The EIR, or entomological inoculation rate, describes the number of expected bites from infected mosquitoes per person per unit time and is often used as a standardised measure of transmission intensity [21]. Work has been done to assemble observations of EIR across Africa and define their relationship with PfPR [52]. In an analogous way to the cartographic estimation of clinical incidence, this has allowed maps of infection prevalence to be converted into maps of EIR, describing this key entomological quantity geographically across the endemic world [21]. The same work also included a model to extend PfPR maps to describe the global distribution of the basic reproductive number, R, for P. falciparum malaria. R quantifies the potential of P. falciparum to spread throughout a population (formally the number of new cases arising per index case per generation of the parasite) and provides important insights into, for example, the magnitude of impact that control efforts must have at each location in order to drive transmission towards elimination.
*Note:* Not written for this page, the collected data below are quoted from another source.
lemma AE_Zn_decomp:
  assumes n: "2 \<le> n"
  shows "AE \<omega> in M. Zn n \<omega> = Ln n \<omega> - 1 / (2 * sqrt (real n)) - rem_coeff n * Rn n \<omega>"
  using AE_X_nonneg AE_X_distinct
proof eventually_elim
  fix \<omega> assume "\<forall>k. 0 \<le> X k \<omega>" "\<forall>i k. i \<noteq> k \<longrightarrow> X i \<omega> \<noteq> X k \<omega>"
  then show "Zn n \<omega> = Ln n \<omega> - 1 / (2 * sqrt (real n)) - rem_coeff n * Rn n \<omega>"
    using scaled_I_stat_decomp[OF n, of "\<lambda>i. X i \<omega>" l] by (simp add: Zn_def Ln_def Rn_def rem_coeff_def)
qed

lemma abs_Rn_le: "\<bar>Rn n \<omega>\<bar> \<le> 3 * card (triples n)"
proof -
  have "\<bar>Rn n \<omega>\<bar> \<le> (\<Sum>t\<in>triples n. \<bar>rem_term l t (\<lambda>i. X i \<omega>)\<bar>)"
    unfolding Rn_def by (rule sum_abs)
  also have "\<dots> \<le> (\<Sum>t\<in>triples n. 3)"
    using l_pos by (intro sum_mono abs_rem_term_le) auto
  finally show ?thesis by simp
qed

lemma integrable_abs_Rn: "integrable M (\<lambda>\<omega>. \<bar>Rn n \<omega>\<bar>)"
  using abs_Rn_le[of n] by (intro integrable_const_bound[where B="3 * card (triples n)"]) auto

lemma expectation_abs_Rn_le: "expectation (\<lambda>\<omega>. \<bar>Rn n \<omega>\<bar>) \<le> sqrt 279 * (real n)^2"
proof -
  have "expectation (\<lambda>\<omega>. \<bar>Rn n \<omega>\<bar>) \<le> sqrt (expectation (\<lambda>\<omega>. (Rn n \<omega>)^2))"
    by (rule expectation_abs_le_sqrt_sq[OF _ abs_Rn_le]) simp
  also have "expectation (\<lambda>\<omega>. (Rn n \<omega>)^2) \<le> 9 * card {p \<in> triples n \<times> triples n. correlated (fst p) (snd p)}"
    unfolding Rn_def by (rule expectation_sq_sum_rem_term_le) simp
  also have "\<dots> \<le> 279 * ((real n)^2)^2"
    using card_correlated_le[of n] by (simp del: of_nat_power add: of_nat_power[symmetric] power_mult[symmetric])
  also have "sqrt \<dots> = sqrt 279 * (real n)^2"
    by (subst real_sqrt_mult, subst real_sqrt_abs) simp
  finally show ?thesis by simp
qed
Estimates of the number of pregnant women at risk of malaria infection globally have been made [53] by combining national estimates of numbers of pregnancies for 2007 and MAP’s 2007 and 2003 estimates of global P. falciparum [41] and P. vivax endemicity [54], respectively. Although the World Health Organization (WHO) estimates annually the number of pregnant women at risk of malaria in Africa, this study provided the first comprehensive and contemporary estimation of the number of pregnancies at risk of malaria outside of Africa.